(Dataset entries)
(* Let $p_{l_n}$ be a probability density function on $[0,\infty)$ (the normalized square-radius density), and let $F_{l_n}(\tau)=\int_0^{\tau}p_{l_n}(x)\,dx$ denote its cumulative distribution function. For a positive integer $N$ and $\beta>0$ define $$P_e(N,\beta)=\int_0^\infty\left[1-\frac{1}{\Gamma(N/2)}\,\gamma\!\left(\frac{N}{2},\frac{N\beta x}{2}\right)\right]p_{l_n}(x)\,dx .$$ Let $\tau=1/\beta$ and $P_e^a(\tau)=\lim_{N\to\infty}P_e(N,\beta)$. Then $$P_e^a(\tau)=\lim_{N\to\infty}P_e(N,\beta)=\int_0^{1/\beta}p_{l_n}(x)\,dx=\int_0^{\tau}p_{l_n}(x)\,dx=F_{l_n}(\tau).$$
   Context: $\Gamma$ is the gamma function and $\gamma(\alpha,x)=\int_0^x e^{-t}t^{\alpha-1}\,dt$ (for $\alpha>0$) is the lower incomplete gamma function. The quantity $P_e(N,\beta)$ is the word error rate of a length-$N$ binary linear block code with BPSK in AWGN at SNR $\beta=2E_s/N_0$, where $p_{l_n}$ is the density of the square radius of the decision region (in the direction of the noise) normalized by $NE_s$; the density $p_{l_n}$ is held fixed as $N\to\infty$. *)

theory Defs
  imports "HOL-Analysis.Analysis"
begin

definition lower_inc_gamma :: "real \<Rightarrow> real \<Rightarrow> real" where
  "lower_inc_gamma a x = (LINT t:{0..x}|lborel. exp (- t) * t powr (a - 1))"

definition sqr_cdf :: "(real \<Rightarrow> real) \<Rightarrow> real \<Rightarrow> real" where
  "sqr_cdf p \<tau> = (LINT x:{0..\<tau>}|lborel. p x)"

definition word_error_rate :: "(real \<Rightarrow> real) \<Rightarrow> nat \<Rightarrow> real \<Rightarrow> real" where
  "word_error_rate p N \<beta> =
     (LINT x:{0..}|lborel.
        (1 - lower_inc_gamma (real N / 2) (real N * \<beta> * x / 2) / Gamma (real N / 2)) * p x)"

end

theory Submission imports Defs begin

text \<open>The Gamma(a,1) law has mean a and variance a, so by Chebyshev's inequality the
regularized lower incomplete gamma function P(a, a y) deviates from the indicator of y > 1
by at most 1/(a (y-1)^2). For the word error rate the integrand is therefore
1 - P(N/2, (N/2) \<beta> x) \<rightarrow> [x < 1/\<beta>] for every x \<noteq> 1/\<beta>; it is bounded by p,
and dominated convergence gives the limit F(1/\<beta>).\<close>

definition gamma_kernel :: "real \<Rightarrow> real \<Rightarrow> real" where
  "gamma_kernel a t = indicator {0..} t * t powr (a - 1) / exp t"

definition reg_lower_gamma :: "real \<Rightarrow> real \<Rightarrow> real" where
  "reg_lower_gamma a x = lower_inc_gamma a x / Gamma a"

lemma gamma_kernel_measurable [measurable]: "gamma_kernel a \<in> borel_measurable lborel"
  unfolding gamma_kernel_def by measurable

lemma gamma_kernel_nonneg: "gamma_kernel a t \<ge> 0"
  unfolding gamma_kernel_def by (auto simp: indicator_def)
* * *
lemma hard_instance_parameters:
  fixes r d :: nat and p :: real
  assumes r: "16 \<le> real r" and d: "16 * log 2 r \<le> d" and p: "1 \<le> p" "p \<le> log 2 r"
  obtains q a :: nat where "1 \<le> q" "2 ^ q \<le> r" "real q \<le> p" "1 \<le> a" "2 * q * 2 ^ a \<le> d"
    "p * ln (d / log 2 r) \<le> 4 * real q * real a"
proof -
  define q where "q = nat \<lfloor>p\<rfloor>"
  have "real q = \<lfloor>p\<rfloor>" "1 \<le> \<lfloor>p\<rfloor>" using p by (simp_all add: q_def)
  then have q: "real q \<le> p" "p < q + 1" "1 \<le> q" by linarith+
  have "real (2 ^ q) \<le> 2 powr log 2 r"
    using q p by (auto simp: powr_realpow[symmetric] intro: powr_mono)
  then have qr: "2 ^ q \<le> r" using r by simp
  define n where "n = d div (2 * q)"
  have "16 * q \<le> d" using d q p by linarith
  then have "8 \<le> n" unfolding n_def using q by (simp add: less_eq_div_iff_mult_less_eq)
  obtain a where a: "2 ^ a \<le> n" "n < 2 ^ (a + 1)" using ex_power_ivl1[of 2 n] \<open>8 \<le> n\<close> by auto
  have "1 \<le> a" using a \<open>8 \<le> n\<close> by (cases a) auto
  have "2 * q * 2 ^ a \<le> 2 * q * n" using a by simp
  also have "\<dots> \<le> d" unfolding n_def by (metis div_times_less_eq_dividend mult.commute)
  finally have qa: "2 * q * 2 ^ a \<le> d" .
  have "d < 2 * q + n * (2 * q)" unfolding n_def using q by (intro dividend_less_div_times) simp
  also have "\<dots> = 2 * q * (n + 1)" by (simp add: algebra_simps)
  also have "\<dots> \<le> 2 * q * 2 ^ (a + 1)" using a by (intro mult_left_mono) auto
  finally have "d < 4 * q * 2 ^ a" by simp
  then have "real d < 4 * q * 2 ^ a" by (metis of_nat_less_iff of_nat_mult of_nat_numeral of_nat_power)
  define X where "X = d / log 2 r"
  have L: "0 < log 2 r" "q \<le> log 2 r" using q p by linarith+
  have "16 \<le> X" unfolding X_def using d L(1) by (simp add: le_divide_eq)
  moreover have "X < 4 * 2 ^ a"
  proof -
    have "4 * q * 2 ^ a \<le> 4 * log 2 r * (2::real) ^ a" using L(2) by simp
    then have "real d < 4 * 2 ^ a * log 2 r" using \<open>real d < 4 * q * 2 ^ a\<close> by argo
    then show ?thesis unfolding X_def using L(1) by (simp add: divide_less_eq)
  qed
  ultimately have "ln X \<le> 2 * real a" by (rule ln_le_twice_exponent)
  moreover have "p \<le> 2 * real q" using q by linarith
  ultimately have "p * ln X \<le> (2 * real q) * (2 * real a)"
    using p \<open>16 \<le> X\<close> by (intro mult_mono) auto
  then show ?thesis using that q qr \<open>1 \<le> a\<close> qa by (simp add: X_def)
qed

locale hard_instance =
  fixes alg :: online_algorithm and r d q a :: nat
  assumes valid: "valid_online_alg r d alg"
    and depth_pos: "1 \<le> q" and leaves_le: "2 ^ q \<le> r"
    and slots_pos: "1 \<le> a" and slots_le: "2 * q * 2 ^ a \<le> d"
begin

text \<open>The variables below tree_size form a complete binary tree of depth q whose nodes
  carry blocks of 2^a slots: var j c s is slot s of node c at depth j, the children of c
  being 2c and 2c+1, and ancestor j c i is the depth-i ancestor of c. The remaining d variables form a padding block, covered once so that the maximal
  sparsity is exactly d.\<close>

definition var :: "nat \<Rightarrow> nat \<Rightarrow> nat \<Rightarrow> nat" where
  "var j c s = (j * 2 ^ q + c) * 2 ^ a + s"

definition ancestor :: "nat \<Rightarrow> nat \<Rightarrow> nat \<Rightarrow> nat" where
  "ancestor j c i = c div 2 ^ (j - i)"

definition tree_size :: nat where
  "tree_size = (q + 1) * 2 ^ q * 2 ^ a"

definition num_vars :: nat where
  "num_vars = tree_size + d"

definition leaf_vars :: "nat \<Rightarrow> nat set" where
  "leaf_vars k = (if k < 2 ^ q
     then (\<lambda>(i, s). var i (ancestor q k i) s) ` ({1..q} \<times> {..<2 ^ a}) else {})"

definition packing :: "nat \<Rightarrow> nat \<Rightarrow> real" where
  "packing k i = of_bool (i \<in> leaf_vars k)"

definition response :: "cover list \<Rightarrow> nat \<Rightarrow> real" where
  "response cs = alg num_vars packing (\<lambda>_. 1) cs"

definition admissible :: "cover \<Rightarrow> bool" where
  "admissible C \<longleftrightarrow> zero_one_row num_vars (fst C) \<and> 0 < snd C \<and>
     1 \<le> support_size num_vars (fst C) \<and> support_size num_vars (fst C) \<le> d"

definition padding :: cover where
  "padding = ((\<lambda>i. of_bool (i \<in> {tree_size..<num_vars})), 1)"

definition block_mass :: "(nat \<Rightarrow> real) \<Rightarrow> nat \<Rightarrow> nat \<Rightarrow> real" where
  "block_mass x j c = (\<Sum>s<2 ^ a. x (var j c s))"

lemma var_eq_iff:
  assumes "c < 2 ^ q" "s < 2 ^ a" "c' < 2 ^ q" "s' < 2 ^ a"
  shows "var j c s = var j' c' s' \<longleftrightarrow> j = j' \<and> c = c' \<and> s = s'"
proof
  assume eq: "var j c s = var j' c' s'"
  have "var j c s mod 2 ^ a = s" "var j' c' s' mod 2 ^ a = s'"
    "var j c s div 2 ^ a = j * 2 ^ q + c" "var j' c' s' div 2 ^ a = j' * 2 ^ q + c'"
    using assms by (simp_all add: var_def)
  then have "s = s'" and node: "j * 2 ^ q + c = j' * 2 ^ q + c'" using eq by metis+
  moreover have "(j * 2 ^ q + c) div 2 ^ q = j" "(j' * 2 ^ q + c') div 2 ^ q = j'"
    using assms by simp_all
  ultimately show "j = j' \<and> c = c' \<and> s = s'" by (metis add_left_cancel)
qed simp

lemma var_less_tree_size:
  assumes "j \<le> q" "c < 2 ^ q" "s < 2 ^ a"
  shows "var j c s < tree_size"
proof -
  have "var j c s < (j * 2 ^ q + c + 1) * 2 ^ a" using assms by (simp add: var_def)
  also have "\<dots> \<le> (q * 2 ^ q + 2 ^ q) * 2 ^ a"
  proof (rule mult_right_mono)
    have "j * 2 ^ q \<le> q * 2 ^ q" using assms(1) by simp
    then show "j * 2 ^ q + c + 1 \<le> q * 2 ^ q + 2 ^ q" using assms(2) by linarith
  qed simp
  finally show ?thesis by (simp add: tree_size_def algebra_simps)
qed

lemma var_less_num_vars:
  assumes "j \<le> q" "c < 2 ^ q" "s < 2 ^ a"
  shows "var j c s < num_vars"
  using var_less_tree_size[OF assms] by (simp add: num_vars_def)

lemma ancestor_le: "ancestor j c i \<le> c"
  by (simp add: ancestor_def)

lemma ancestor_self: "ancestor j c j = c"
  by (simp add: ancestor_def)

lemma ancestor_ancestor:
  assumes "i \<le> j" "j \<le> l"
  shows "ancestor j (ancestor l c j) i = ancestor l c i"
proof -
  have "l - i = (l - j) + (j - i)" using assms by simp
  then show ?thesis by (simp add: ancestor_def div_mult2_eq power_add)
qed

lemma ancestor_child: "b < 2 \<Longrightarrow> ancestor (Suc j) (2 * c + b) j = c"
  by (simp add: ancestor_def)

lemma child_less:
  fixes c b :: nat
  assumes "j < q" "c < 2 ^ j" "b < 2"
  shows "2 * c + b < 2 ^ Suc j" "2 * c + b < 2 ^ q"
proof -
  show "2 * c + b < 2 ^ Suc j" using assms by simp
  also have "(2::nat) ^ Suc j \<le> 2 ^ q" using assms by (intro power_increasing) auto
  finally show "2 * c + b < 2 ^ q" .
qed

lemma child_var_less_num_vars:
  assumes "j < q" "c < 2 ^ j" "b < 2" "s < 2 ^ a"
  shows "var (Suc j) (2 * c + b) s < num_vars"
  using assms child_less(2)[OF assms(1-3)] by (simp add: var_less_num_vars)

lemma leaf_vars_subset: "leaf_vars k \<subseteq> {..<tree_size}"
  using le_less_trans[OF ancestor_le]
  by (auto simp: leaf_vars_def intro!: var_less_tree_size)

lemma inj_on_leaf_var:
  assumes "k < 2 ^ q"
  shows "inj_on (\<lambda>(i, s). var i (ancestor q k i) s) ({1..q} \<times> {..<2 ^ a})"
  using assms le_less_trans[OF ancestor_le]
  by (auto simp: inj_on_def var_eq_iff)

PROBLEM STATEMENT: Scan the data above for the string "rule". Copy every line in which it appears.

ANSWER BELOW:
  ultimately have "ln X \<le> 2 * real a" by (rule ln_le_twice_exponent)
  proof (rule mult_right_mono)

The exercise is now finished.